§ ACTION ITEM:
Output all of the data below exactly as given.
──────── EXERCISE MATERIAL
lemma ring_hom_cring_surj_amalg_dup_fst:
  assumes "cring R" and "ideal I R"
  shows "ring_hom_cring_surj (amalg_dup R I) R fst"
proof (intro ring_hom_cring_surj.intro ring_hom_cring.intro ring_hom_cring_axioms.intro
    ring_hom_cring_surj_axioms.intro cring_amalg_dup assms ring_hom_memI)
  interpret R: cring R by fact
  interpret I: ideal I R by fact
  have sub: "carrier (amalg_dup R I) \<subseteq> carrier R \<times> carrier R"
    by (rule amalg_dup_carrier_subset[OF assms(2)])
  show "fst x \<in> carrier R" if "x \<in> carrier (amalg_dup R I)" for x
    using sub that by auto
  show "fst (x \<otimes>\<^bsub>amalg_dup R I\<^esub> y) = fst x \<otimes>\<^bsub>R\<^esub> fst y"
    and "fst (x \<oplus>\<^bsub>amalg_dup R I\<^esub> y) = fst x \<oplus>\<^bsub>R\<^esub> fst y" for x y
    by (cases x; cases y; simp)+
  show "fst \<one>\<^bsub>amalg_dup R I\<^esub> = \<one>\<^bsub>R\<^esub>"
    by simp
  have "r \<in> fst ` carrier (amalg_dup R I)" if "r \<in> carrier R" for r
    using amalg_dup_memI[OF that I.zero_closed refl] by force
  then show "fst ` carrier (amalg_dup R I) = carrier R"
    using sub by auto
qed

lemma ring_hom_cring_surj_amalg_dup_snd:
  assumes "cring R" and "ideal I R"
  shows "ring_hom_cring_surj (amalg_dup R I) R snd"
proof (intro ring_hom_cring_surj.intro ring_hom_cring.intro ring_hom_cring_axioms.intro
    ring_hom_cring_surj_axioms.intro cring_amalg_dup assms ring_hom_memI)
  interpret R: cring R by fact
  interpret I: ideal I R by fact
  have sub: "carrier (amalg_dup R I) \<subseteq> carrier R \<times> carrier R"
    by (rule amalg_dup_carrier_subset[OF assms(2)])
  show "snd x \<in> carrier R" if "x \<in> carrier (amalg_dup R I)" for x
    using sub that by auto
  show "snd (x \<otimes>\<^bsub>amalg_dup R I\<^esub> y) = snd x \<otimes>\<^bsub>R\<^esub> snd y"
    and "snd (x \<oplus>\<^bsub>amalg_dup R I\<^esub> y) = snd x \<oplus>\<^bsub>R\<^esub> snd y" for x y
    by (cases x; cases y; simp)+
  show "snd \<one>\<^bsub>amalg_dup R I\<^esub> = \<one>\<^bsub>R\<^esub>"
    by simp
  have "r \<in> snd ` carrier (amalg_dup R I)" if "r \<in> carrier R" for r
    using amalg_dup_memI[OF that I.zero_closed refl] that by force
  then show "snd ` carrier (amalg_dup R I) = carrier R"
    using sub by auto
qed

lemma amalg_dup_kernels_mult_zero:
  assumes "ideal I R"
    and "x \<in> a_kernel (amalg_dup R I) R fst" and "y \<in> a_kernel (amalg_dup R I) R snd"
  shows "x \<otimes>\<^bsub>amalg_dup R I\<^esub> y = \<zero>\<^bsub>amalg_dup R I\<^esub>"
proof -
  interpret R: ring R
    by (rule ideal.axioms(2)[OF assms(1)])
  have x: "x \<in> carrier (amalg_dup R I)" "fst x = \<zero>\<^bsub>R\<^esub>"
    and y: "y \<in> carrier (amalg_dup R I)" "snd y = \<zero>\<^bsub>R\<^esub>"
    using assms(2,3) unfolding a_kernel_def' by simp_all
  then have "snd x \<in> carrier R" "fst y \<in> carrier R"
    using amalg_dup_carrier_subset[OF assms(1)] by auto
  then show ?thesis
    using x(2) y(2) by (cases x; cases y) simp
qed

theorem corollary3p5:
  fixes R :: "('a, 'm) ring_scheme" and I :: "'a set"
  assumes "cring R" and "ideal I R"
  shows "pm_ring (amalg_dup R I) \<longleftrightarrow> pm_ring R"
proof
  interpret fst: ring_hom_cring_surj "amalg_dup R I" R fst
    by (rule ring_hom_cring_surj_amalg_dup_fst[OF assms])
  interpret snd: ring_hom_cring_surj "amalg_dup R I" R snd
    by (rule ring_hom_cring_surj_amalg_dup_snd[OF assms])
  show "pm_ring (amalg_dup R I) \<Longrightarrow> pm_ring R"
    by (rule fst.pm_ring_image)
  assume pm: "pm_ring R"
  show "pm_ring (amalg_dup R I)"
  proof (rule pm_ringI)
    fix Q assume Q: "primeideal Q (amalg_dup R I)"
    have kernel_sub: "a_kernel (amalg_dup R I) R h \<subseteq> carrier (amalg_dup R I)" for h
      unfolding a_kernel_def' by blast
    have "a_kernel (amalg_dup R I) R fst \<subseteq> Q \<or> a_kernel (amalg_dup R I) R snd \<subseteq> Q"
      by (rule primeideal.subset_or_subset_if_mult_zero[OF Q kernel_sub kernel_sub
            amalg_dup_kernels_mult_zero[OF assms(2)]])
    then show "\<exists>!M. maximalideal M (amalg_dup R I) \<and> Q \<subseteq> M"
    proof
      assume "a_kernel (amalg_dup R I) R fst \<subseteq> Q"
      then show ?thesis
        by (rule fst.ex1_maximal_above_if_target_pm_ring[OF pm Q])
    next
      assume "a_kernel (amalg_dup R I) R snd \<subseteq> Q"
      then show ?thesis
        by (rule snd.ex1_maximal_above_if_target_pm_ring[OF pm Q])
    qed
  qed
qed

end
────────────────
§ ANSWER TO THIS PROBLEM:
lemma ring_hom_cring_surj_amalg_dup_fst:
  assumes "cring R" and "ideal I R"
  shows "ring_hom_cring_surj (amalg_dup R I) R fst"
proof (intro ring_hom_cring_surj.intro ring_hom_cring.intro ring_hom_cring_axioms.intro
    ring_hom_cring_surj_axioms.intro cring_amalg_dup assms ring_hom_memI)
  interpret R: cring R by fact
  interpret I: ideal I R by fact
  have sub: "carrier (amalg_dup R I) \<subseteq> carrier R \<times> carrier R"
    by (rule amalg_dup_carrier_subset[OF assms(2)])
  show "fst x \<in> carrier R" if "x \<in> carrier (amalg_dup R I)" for x
    using sub that by auto
  show "fst (x \<otimes>\<^bsub>amalg_dup R I\<^esub> y) = fst x \<otimes>\<^bsub>R\<^esub> fst y"
    and "fst (x \<oplus>\<^bsub>amalg_dup R I\<^esub> y) = fst x \<oplus>\<^bsub>R\<^esub> fst y" for x y
    by (cases x; cases y; simp)+
  show "fst \<one>\<^bsub>amalg_dup R I\<^esub> = \<one>\<^bsub>R\<^esub>"
    by simp
  have "r \<in> fst ` carrier (amalg_dup R I)" if "r \<in> carrier R" for r
    using amalg_dup_memI[OF that I.zero_closed refl] by force
  then show "fst ` carrier (amalg_dup R I) = carrier R"
    using sub by auto
qed

lemma ring_hom_cring_surj_amalg_dup_snd:
  assumes "cring R" and "ideal I R"
  shows "ring_hom_cring_surj (amalg_dup R I) R snd"
proof (intro ring_hom_cring_surj.intro ring_hom_cring.intro ring_hom_cring_axioms.intro
    ring_hom_cring_surj_axioms.intro cring_amalg_dup assms ring_hom_memI)
  interpret R: cring R by fact
  interpret I: ideal I R by fact
  have sub: "carrier (amalg_dup R I) \<subseteq> carrier R \<times> carrier R"
    by (rule amalg_dup_carrier_subset[OF assms(2)])
  show "snd x \<in> carrier R" if "x \<in> carrier (amalg_dup R I)" for x
    using sub that by auto
  show "snd (x \<otimes>\<^bsub>amalg_dup R I\<^esub> y) = snd x \<otimes>\<^bsub>R\<^esub> snd y"
    and "snd (x \<oplus>\<^bsub>amalg_dup R I\<^esub> y) = snd x \<oplus>\<^bsub>R\<^esub> snd y" for x y
    by (cases x; cases y; simp)+
  show "snd \<one>\<^bsub>amalg_dup R I\<^esub> = \<one>\<^bsub>R\<^esub>"
    by simp
  have "r \<in> snd ` carrier (amalg_dup R I)" if "r \<in> carrier R" for r
    using amalg_dup_memI[OF that I.zero_closed refl] that by force
  then show "snd ` carrier (amalg_dup R I) = carrier R"
    using sub by auto
qed

lemma amalg_dup_kernels_mult_zero:
  assumes "ideal I R"
    and "x \<in> a_kernel (amalg_dup R I) R fst" and "y \<in> a_kernel (amalg_dup R I) R snd"
  shows "x \<otimes>\<^bsub>amalg_dup R I\<^esub> y = \<zero>\<^bsub>amalg_dup R I\<^esub>"
proof -
  interpret R: ring R
    by (rule ideal.axioms(2)[OF assms(1)])
  have x: "x \<in> carrier (amalg_dup R I)" "fst x = \<zero>\<^bsub>R\<^esub>"
    and y: "y \<in> carrier (amalg_dup R I)" "snd y = \<zero>\<^bsub>R\<^esub>"
    using assms(2,3) unfolding a_kernel_def' by simp_all
  then have "snd x \<in> carrier R" "fst y \<in> carrier R"
    using amalg_dup_carrier_subset[OF assms(1)] by auto
  then show ?thesis
    using x(2) y(2) by (cases x; cases y) simp
qed

theorem corollary3p5:
  fixes R :: "('a, 'm) ring_scheme" and I :: "'a set"
  assumes "cring R" and "ideal I R"
  shows "pm_ring (amalg_dup R I) \<longleftrightarrow> pm_ring R"
proof
  interpret fst: ring_hom_cring_surj "amalg_dup R I" R fst
    by (rule ring_hom_cring_surj_amalg_dup_fst[OF assms])
  interpret snd: ring_hom_cring_surj "amalg_dup R I" R snd
    by (rule ring_hom_cring_surj_amalg_dup_snd[OF assms])
  show "pm_ring (amalg_dup R I) \<Longrightarrow> pm_ring R"
    by (rule fst.pm_ring_image)
  assume pm: "pm_ring R"
  show "pm_ring (amalg_dup R I)"
  proof (rule pm_ringI)
    fix Q assume Q: "primeideal Q (amalg_dup R I)"
    have kernel_sub: "a_kernel (amalg_dup R I) R h \<subseteq> carrier (amalg_dup R I)" for h
      unfolding a_kernel_def' by blast
    have "a_kernel (amalg_dup R I) R fst \<subseteq> Q \<or> a_kernel (amalg_dup R I) R snd \<subseteq> Q"
      by (rule primeideal.subset_or_subset_if_mult_zero[OF Q kernel_sub kernel_sub
            amalg_dup_kernels_mult_zero[OF assms(2)]])
    then show "\<exists>!M. maximalideal M (amalg_dup R I) \<and> Q \<subseteq> M"
    proof
      assume "a_kernel (amalg_dup R I) R fst \<subseteq> Q"
      then show ?thesis
        by (rule fst.ex1_maximal_above_if_target_pm_ring[OF pm Q])
    next
      assume "a_kernel (amalg_dup R I) R snd \<subseteq> Q"
      then show ?thesis
        by (rule snd.ex1_maximal_above_if_target_pm_ring[OF pm Q])
    qed
  qed
qed

end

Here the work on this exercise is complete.